Hey Harmeet, a few thoughts:
outbound v inbound are so contextually dependent, it depends on your market/product/icp etc. if you've not come across the Four Fits framework, it's a great place to start in thinking about the strategic best approach for your business
All of that said, if you need asap results versus longer-term compounding growth, you might want to trial outbound v inbound
For high ACV the best way to shorten sales cycles are: really deep disco, super tight process and putting a MAP in place, really strong & relatable reference clients/case studies, excellent business case, direct access to the true buying committee
To warm up accounts, definitely events. ABM is a whole campaign strategy (which can include events) versus a discrete tactic like the other ones you've mentioned
Happy to chat through if useful
There’s so much here, could write a book on just one question (no pun intended). It might benefit you just to book an hour with a US GTM Consultant and have a session on this so they can recommend a specific approach. Ideally they’d have experience in publishing. I’d start with an outbound approach though to test messaging before spending tons of money on inbound.

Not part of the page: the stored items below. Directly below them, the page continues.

lemma map_vec_Re_Im_mult_of_real_mat:
  fixes N :: "real mat"
  assumes N: "N \<in> carrier_mat n n" and v: "v \<in> carrier_vec n"
  shows "map_vec Re (map_mat complex_of_real N *\<^sub>v v) = N *\<^sub>v map_vec Re v"
    and "map_vec Im (map_mat complex_of_real N *\<^sub>v v) = N *\<^sub>v map_vec Im v"
  using N v by (auto intro!: eq_vecI simp: scalar_prod_def Re_sum Im_sum)

lemma complex_vec_eq_0_iff:
  fixes v :: "complex vec"
  assumes "v \<in> carrier_vec n"
  shows "v = 0\<^sub>v n \<longleftrightarrow> map_vec Re v = 0\<^sub>v n \<and> map_vec Im v = 0\<^sub>v n"
  using assms by (auto simp: vec_eq_iff complex_eq_iff)

lemma of_real_mat_square_kernel:
  fixes N :: "real mat"
  assumes N: "N \<in> carrier_mat n n"
    and ker: "\<And>x. x \<in> carrier_vec n \<Longrightarrow> N *\<^sub>v (N *\<^sub>v x) = 0\<^sub>v n \<Longrightarrow> N *\<^sub>v x = 0\<^sub>v n"
    and v: "v \<in> carrier_vec n"
    and sq: "map_mat complex_of_real N *\<^sub>v (map_mat complex_of_real N *\<^sub>v v) = 0\<^sub>v n"
  shows "map_mat complex_of_real N *\<^sub>v v = 0\<^sub>v n"
proof -
  have Nv: "map_mat complex_of_real N *\<^sub>v v \<in> carrier_vec n" using N v by simp
  have "N *\<^sub>v (N *\<^sub>v map_vec f v) = 0\<^sub>v n" if "f = Re \<or> f = Im" for f
    using that sq complex_vec_eq_0_iff[of _ n] N v
      map_vec_Re_Im_mult_of_real_mat[OF N v] map_vec_Re_Im_mult_of_real_mat[OF N Nv]
    by auto
  then have "N *\<^sub>v map_vec f v = 0\<^sub>v n" if "f = Re \<or> f = Im" for f
    using that ker v by auto
  then show ?thesis
    using complex_vec_eq_0_iff[OF Nv] map_vec_Re_Im_mult_of_real_mat[OF N v] by auto
qed

lemma of_real_mat_eigenvector_Re_Im:
  fixes N :: "real mat"
  assumes N: "N \<in> carrier_mat n n" and v: "v \<in> carrier_vec n"
    and Nv: "map_mat complex_of_real N *\<^sub>v v = z \<cdot>\<^sub>v v"
  shows "N *\<^sub>v map_vec Re v = Re z \<cdot>\<^sub>v map_vec Re v - Im z \<cdot>\<^sub>v map_vec Im v"
    and "N *\<^sub>v map_vec Im v = Im z \<cdot>\<^sub>v map_vec Re v + Re z \<cdot>\<^sub>v map_vec Im v"
proof -
  have "N *\<^sub>v map_vec Re v = map_vec Re (z \<cdot>\<^sub>v v)" "N *\<^sub>v map_vec Im v = map_vec Im (z \<cdot>\<^sub>v v)"
    using map_vec_Re_Im_mult_of_real_mat[OF N v] Nv by simp_all
  then show "N *\<^sub>v map_vec Re v = Re z \<cdot>\<^sub>v map_vec Re v - Im z \<cdot>\<^sub>v map_vec Im v"
    and "N *\<^sub>v map_vec Im v = Im z \<cdot>\<^sub>v map_vec Re v + Re z \<cdot>\<^sub>v map_vec Im v"
    using v by (auto intro!: eq_vecI)
qed

lemma eigenvalue_of_real_uminus_psd:
  fixes P :: "real mat"
  assumes P: "P \<in> carrier_mat n n" and "psd P"
    and iso: "\<And>x. x \<in> carrier_vec n \<Longrightarrow> x \<bullet> (P *\<^sub>v x) = 0 \<Longrightarrow> P *\<^sub>v x = 0\<^sub>v n"
    and ev: "eigenvector (map_mat complex_of_real (- P)) v z"
  shows "Re z \<le> 0" and "Re z = 0 \<Longrightarrow> z = 0"
proof -
  define N where "N = - P"
  have N: "N \<in> carrier_mat n n" using P by (simp add: N_def)
  have v: "v \<in> carrier_vec n" "v \<noteq> 0\<^sub>v n"
    and Nv: "map_mat complex_of_real N *\<^sub>v v = z \<cdot>\<^sub>v v"
    using ev P by (auto simp: eigenvector_def N_def)
  define a where "a = map_vec Re v"
  define b where "b = map_vec Im v"
  have a: "a \<in> carrier_vec n" and b: "b \<in> carrier_vec n" using v by (auto simp: a_def b_def)
  note Na = of_real_mat_eigenvector_Re_Im(1)[OF N v(1) Nv, folded a_def b_def]
  note Nb = of_real_mat_eigenvector_Re_Im(2)[OF N v(1) Nv, folded a_def b_def]
  have form: "x \<bullet> (N *\<^sub>v x) = - (x \<bullet> (P *\<^sub>v x))" if "x \<in> carrier_vec n" for x
    using that P by (simp add: N_def)
  have nonpos: "x \<bullet> (N *\<^sub>v x) \<le> 0" if "x \<in> carrier_vec n" for x
    using psd_quadratic_form_nonneg[OF \<open>psd P\<close> P that] form[OF that] by simp
  have sum: "a \<bullet> (N *\<^sub>v a) + b \<bullet> (N *\<^sub>v b) = Re z * (a \<bullet> a + b \<bullet> b)"
    using a b unfolding Na Nb
    by (simp add: scalar_prod_minus_distrib scalar_prod_add_distrib[of _ n] comm_scalar_prod[of a n b]
        algebra_simps)
  have "a \<noteq> 0\<^sub>v n \<or> b \<noteq> 0\<^sub>v n" using complex_vec_eq_0_iff[OF v(1)] v(2) by (auto simp: a_def b_def)
  then have pos: "a \<bullet> a + b \<bullet> b > 0"
    using real_scalar_prod_self_eq_0_iff[OF a] real_scalar_prod_self_eq_0_iff[OF b]
      real_scalar_prod_self_nonneg[of a] real_scalar_prod_self_nonneg[of b] by fastforce
  have "Re z * (a \<bullet> a + b \<bullet> b) \<le> 0" using sum nonpos[OF a] nonpos[OF b] by linarith
  then show "Re z \<le> 0" using pos by (simp add: mult_le_0_iff)
  assume "Re z = 0"
  then have "a \<bullet> (N *\<^sub>v a) = 0" "b \<bullet> (N *\<^sub>v b) = 0"
    using sum nonpos[OF a] nonpos[OF b] by auto
  then have "P *\<^sub>v a = 0\<^sub>v n" "P *\<^sub>v b = 0\<^sub>v n" using iso[OF a] iso[OF b] form a b by simp_all
  then have "N *\<^sub>v a = 0\<^sub>v n" "N *\<^sub>v b = 0\<^sub>v n" using a b P by (simp_all add: N_def)
  then have "b \<bullet> (N *\<^sub>v a) = 0" "a \<bullet> (N *\<^sub>v b) = 0" using a b by simp_all
  then have "Im z * (b \<bullet> b) = 0" "Im z * (a \<bullet> a) = 0"
    using a b \<open>Re z = 0\<close> unfolding Na Nb
    by (simp_all add: scalar_prod_minus_distrib scalar_prod_add_distrib[of _ n])
  then have "Im z * (a \<bullet> a + b \<bullet> b) = 0" by (simp only: distrib_left)
  then show "z = 0" using pos \<open>Re z = 0\<close> by (simp add: complex_eq_iff)
qed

Hey Harmeet! This is a question. At Tapistro, we are trying to solve for and have given excellent results to a lot of clients already. 1. It always is a mix of inbound+ outbound. Your outbound has to be timely and relevant. 2. We partner with agencies to work for their clients. There is a different sales approach but not too far away from the usual one. ( inbound has worked as well in this ) 3. Early stage warm signals are absolutely necessary than just spraying and praying. :) We can definitely speak more indepth on the call if you are interested. Worth a chat?
Super exciting journey, thanks for sharing this 🙌 One thing that really helped us when figuring out GTM for the US was focusing on relevance in outbound. Instead of broad lists, we started reaching out to people who were already talking about the exact problems our product solves (via LinkedIn posts, hidden tech stack signals, etc). That shift cut our sales cycles down and made outbound feel much warmer. That’s actually what led us to build our own social media signals application— it helps companies find people engaging with posts that mention the problems their product solves, while also layering in job changes and hidden stack signals. Happy to share more if useful, and also super curious to see what’s working for others here!

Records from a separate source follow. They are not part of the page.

lemma bounded_partial_sums_if_eventually_le_summable:
  fixes f b :: "nat \<Rightarrow> real"
  assumes "summable b" "\<And>k. b k \<ge> 0" "eventually (\<lambda>k. f k \<le> b k) sequentially"
  shows "\<exists>C. \<forall>n. (\<Sum>k<n. f k) \<le> C"
proof -
  obtain N where N: "\<And>k. k \<ge> N \<Longrightarrow> f k \<le> b k"
    using assms(3) unfolding eventually_sequentially by blast
  define h where "h k = (if k < N then \<bar>f k\<bar> else 0) + b k" for k
  have "summable h"
    unfolding h_def by (intro summable_add assms(1) summable_finite[of "{..<N}"]) auto
  moreover have "f k \<le> h k" "0 \<le> h k" for k
    using N[of k] assms(2)[of k] by (auto simp: h_def)
  ultimately have "(\<Sum>k<n. f k) \<le> suminf h" for n
    using sum_mono[of "{..<n}" f h] sum_le_suminf[of h "{..<n}"] by fastforce
  then show ?thesis by blast
qed

lemma le_max_one_if_sq_le:
  fixes x A B :: real
  assumes "x \<ge> 0" "x^2 \<le> A + B * x" "A \<ge> 0" "B \<ge> 0"
  shows "x \<le> max 1 (A + B)"
proof (cases "x \<le> 1")
  case False
  then have "x * x \<le> (A + B) * x"
    using assms mult_le_cancel_left1[of A x] by (simp add: power2_eq_square algebra_simps)
  then show ?thesis using False by simp
qed simp

lemma norm_diff_scaleR_sq_le:
  fixes a w :: "'a::real_normed_vector"
  shows "norm (a - c *\<^sub>R w) ^ 2 \<le> 2 * norm a ^ 2 + 2 * c^2 * norm w ^ 2"
proof -
  have "norm (a - c *\<^sub>R w) ^ 2 \<le> (norm a + \<bar>c\<bar> * norm w) ^ 2"
    using norm_triangle_ineq4[of a "c *\<^sub>R w"] by (intro power_mono) auto
  also have "\<dots> \<le> 2 * norm a ^ 2 + 2 * c^2 * norm w ^ 2"
    using sum_squares_ge_zero[of "norm a - \<bar>c\<bar> * norm w" 0]
    by (simp add: power2_eq_square algebra_simps)
  finally show ?thesis .
qed

lemma abs_inner_le_half_sq:
  fixes a b :: "'a::real_inner"
  shows "\<bar>a \<bullet> b\<bar> \<le> (1/2) * norm a ^ 2 + (1/2) * norm b ^ 2"
proof -
  have "\<bar>a \<bullet> b\<bar> \<le> norm a * norm b" by (rule Cauchy_Schwarz_ineq2)
  also have "\<dots> \<le> (1/2) * norm a ^ 2 + (1/2) * norm b ^ 2"
    using sum_squares_ge_zero[of "norm a - norm b" 0] by (simp add: power2_eq_square algebra_simps)
  finally show ?thesis .
qed

lemma exp_neg_margin:
  fixes t :: real assumes "t > 0"
  shows "exp (- (\<theta> * ln t + a + u)) = exp (- a) * t powr - \<theta> * exp (- u)"
proof -
  have "- (\<theta> * ln t + a + u) = - a + - \<theta> * ln t + - u" by simp
  then show ?thesis using assms by (simp only: exp_add exp_mult_ln)
qed

lemma scaled_exp_neg_margin:
  fixes t :: real assumes "t > 0" "K * exp (- a) = v"
  shows "K * exp (- (ln t + a + u)) = v * exp (- u) / t"
  using exp_neg_margin[of t 1 a u] assms by (simp add: powr_minus_divide)

lemma powr_neg_div_self:
  fixes t :: real assumes "t > 0"
  shows "t powr - \<mu> / t = t powr - (1 + \<mu>)"
proof -
  have "t powr - (1 + \<mu>) = t powr (- \<mu> - 1)" by (rule arg_cong[where f = "(powr) t"]) simp
  then have "t powr - (1 + \<mu>) = t powr (- \<mu>) / t powr 1" by (simp only: powr_diff)
  then show ?thesis using assms by simp
qed

text \<open>In the following bounds on one summand of the drift, \<open>m = \<theta> ln t + a + u\<close> is the margin of a
  data point at time \<open>t\<close>, split along \<open>w_hat\<close>, \<open>w_tilde\<close> and the residual; \<open>y = - l' m\<close>,
  \<open>K = \<eta> / N\<close>, and \<open>\<delta> = ln (t + 1) - ln t\<close>.\<close>

lemma nonsupport_term_le:
  fixes y u m t a \<theta> :: real
  assumes "0 < y" "y \<le> 2 * exp (- m)" "m = \<theta> * ln t + a + u" "t > 0"
  shows "y * u \<le> 2 * exp (- a) * t powr - \<theta>"
proof (cases "u \<le> 0")
  case True
  then have "y * u \<le> 0" using assms(1) by (simp add: mult_nonneg_nonpos)
  moreover have "0 \<le> 2 * exp (- a) * t powr - \<theta>" by simp
  ultimately show ?thesis by linarith
next
  case False
  then have "y * u \<le> 2 * exp (- m) * u" using assms by (intro mult_right_mono) auto
  also have "\<dots> = 2 * exp (- a) * t powr - \<theta> * (u * exp (- u))"
    using exp_neg_margin[OF assms(4)] assms(3) by simp
  also have "\<dots> \<le> 2 * exp (- a) * t powr - \<theta>"
    using mult_exp_neg_le_one[of u] by (simp add: mult_left_le)
  finally show ?thesis .
qed

lemma mult_exp_neg_div_sub_le:
  fixes u t :: real assumes u: "u \<ge> 0" and t: "t \<ge> 1"
  shows "u * exp (- u) / t - u / (t + 1) \<le> 1 / t^2"
proof (cases "u \<le> 1")
  case True
  have "u * exp (- u) / t \<le> u / t" using u t by (simp add: divide_right_mono mult_left_le)
  moreover have "u / t - u / (t + 1) = u / (t * (t + 1))" using t by (simp add: field_simps)
  moreover have "u / (t * (t + 1)) \<le> 1 / (t * (t + 1))" using True t by (intro divide_right_mono) auto
  moreover have "1 / (t * (t + 1)) \<le> 1 / t^2" using t by (intro divide_left_mono) (auto simp: power2_eq_square)
  ultimately show ?thesis by linarith
next
  case False
  have "exp (- u) \<le> exp (- 1)" using False by simp
  also have "exp (- 1::real) \<le> 1 / 2"
    using exp_ge_add_one_self[of 1] by (simp add: exp_minus field_simps)
  finally have "u * exp (- u) \<le> u * (1 / 2)" using False by (intro mult_left_mono) auto
  then have "u * exp (- u) / t \<le> u / 2 / t" using t by (intro divide_right_mono) auto
  also have "\<dots> \<le> u / (t + 1)" using u t by (simp add: frac_le)
  finally have "u * exp (- u) / t \<le> u / (t + 1)" .
  moreover have "0 \<le> 1 / t^2" by simp
  ultimately show ?thesis by linarith
qed

lemma support_term_le_of_nonneg:
  fixes y u m t a \<mu> K v \<delta> :: real
  assumes y: "y \<le> (1 + exp (- \<mu> * m)) * exp (- m)" and u: "u \<ge> 0"
    and m: "m = ln t + a + u" and t: "t \<ge> 1" and \<mu>: "\<mu> > 0"
    and K: "K > 0" "K * exp (- a) = v" and \<delta>: "1 / (t + 1) \<le> \<delta>"
  shows "K * y * u - \<delta> * v * u \<le> v * (exp (- \<mu> * a) * t powr - (1 + \<mu>) + t powr - 2)"
proof -
  have v: "v > 0" using K by auto
  define c where "c = exp (- \<mu> * a) * t powr - \<mu>"
  have Km: "K * exp (- m) = v * exp (- u) / t"
    using scaled_exp_neg_margin[OF _ K(2)] m t by simp
  have "exp (- \<mu> * m) = c * exp (- (\<mu> * u))"
    using exp_neg_margin[of t \<mu> "\<mu> * a" "\<mu> * u"] m t by (simp add: c_def algebra_simps)
  also have "\<dots> \<le> c" using u \<mu> by (simp add: c_def mult_left_le)
  finally have "exp (- \<mu> * m) \<le> c" .
  have "K * y * u \<le> K * ((1 + exp (- \<mu> * m)) * exp (- m)) * u"
    using y u K by (intro mult_right_mono mult_left_mono) auto
  also have "\<dots> = (K * exp (- m)) * u * (1 + exp (- \<mu> * m))" by (simp add: algebra_simps)
  also have "\<dots> = v * (u * exp (- u) / t) * (1 + exp (- \<mu> * m))" unfolding Km by simp
  also have "\<dots> \<le> v * (u * exp (- u) / t) * (1 + c)"
    using \<open>exp (- \<mu> * m) \<le> c\<close> v u t by (intro mult_left_mono) auto
  also have "\<dots> \<le> v * (u * exp (- u) / t) + v * (c / t)"
    using mult_exp_neg_le_one[of u] v t c_def
    by (simp add: distrib_left mult_left_mono divide_right_mono mult_left_le)
  finally have A: "K * y * u \<le> v * (u * exp (- u) / t) + v * (c / t)" .
  have "c / t = exp (- \<mu> * a) * t powr - (1 + \<mu>)"
    using t unfolding c_def by (simp only: times_divide_eq_right[symmetric] powr_neg_div_self)
  moreover have "t powr - 2 = 1 / t^2" using t by (simp add: powr_minus_divide powr_realpow)
  ultimately have rhs: "v * (exp (- \<mu> * a) * t powr - (1 + \<mu>) + t powr - 2) = v * (c / t) + v * (1 / t^2)"
    by (simp add: distrib_left)
  have "1 / (t + 1) * (v * u) \<le> \<delta> * (v * u)" using \<delta> v u by (intro mult_right_mono) auto
  then have "v * u / (t + 1) \<le> \<delta> * v * u" by (simp add: mult.assoc)
  moreover have "v * (u * exp (- u) / t - u / (t + 1)) \<le> v * (1 / t^2)"
    using mult_exp_neg_div_sub_le[OF u t] v by (intro mult_left_mono) auto
  moreover have "v * (u * exp (- u) / t - u / (t + 1)) = v * (u * exp (- u) / t) - v * u / (t + 1)"
    by (simp add: algebra_simps)
  ultimately show ?thesis unfolding rhs using A by linarith
qed

lemma exp_excess_le:
  fixes b \<mu> c :: real
  assumes b: "b > 0" and \<mu>: "\<mu> > 0" and c: "c \<ge> 0" and half: "c * exp (\<mu> * b) \<le> 1 / 2"
  shows "b * (1 - exp b + exp b * (c * exp (\<mu> * b))) \<le> exp (1 + \<mu>) * c"
proof (cases "b \<ge> 1")
  case True
  have "exp b \<ge> 2" using exp_ge_add_one_self[of b] True by linarith
  moreover have "exp b * (c * exp (\<mu> * b)) \<le> exp b * (1/2)" using half by simp
  ultimately have "1 - exp b + exp b * (c * exp (\<mu> * b)) \<le> 0" by linarith
  then have "b * (1 - exp b + exp b * (c * exp (\<mu> * b))) \<le> 0" using b by (simp add: mult_nonneg_nonpos)
  moreover have "0 \<le> exp (1 + \<mu>) * c" using c by simp
  ultimately show ?thesis by linarith
next
  case False
  have "exp b \<le> exp 1" "exp (\<mu> * b) \<le> exp \<mu>" using False \<mu> by (auto simp: mult_le_cancel_left1)
  then have "b * (exp b * (c * exp (\<mu> * b))) \<le> 1 * (exp 1 * (c * exp \<mu>))"
    using b c False by (intro mult_mono) auto
  moreover have "b * (1 - exp b) \<le> 0" using b by (simp add: mult_nonneg_nonpos)
  ultimately show ?thesis by (simp add: exp_add algebra_simps)
qed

Harmeet, I've helped build out several hypergrowth GTM teams at SaaS startups. A lot has changed over the past 5-10 years. What I have seen to be most successful is highly personalized/targeted outbound--via sales personnel and tooling--account for 55%-75% of pipeline and Marketing providing the rest. While somewhat industry/buyer dependent, there is definitely this pattern. Marketing has been more demand gen oriented in the past 5-10 years in my experience. That does dictate what channels you build out 1st, 2nd and so on.
Thanks for the suggestions everyone! We will do our retrospect and come back on this.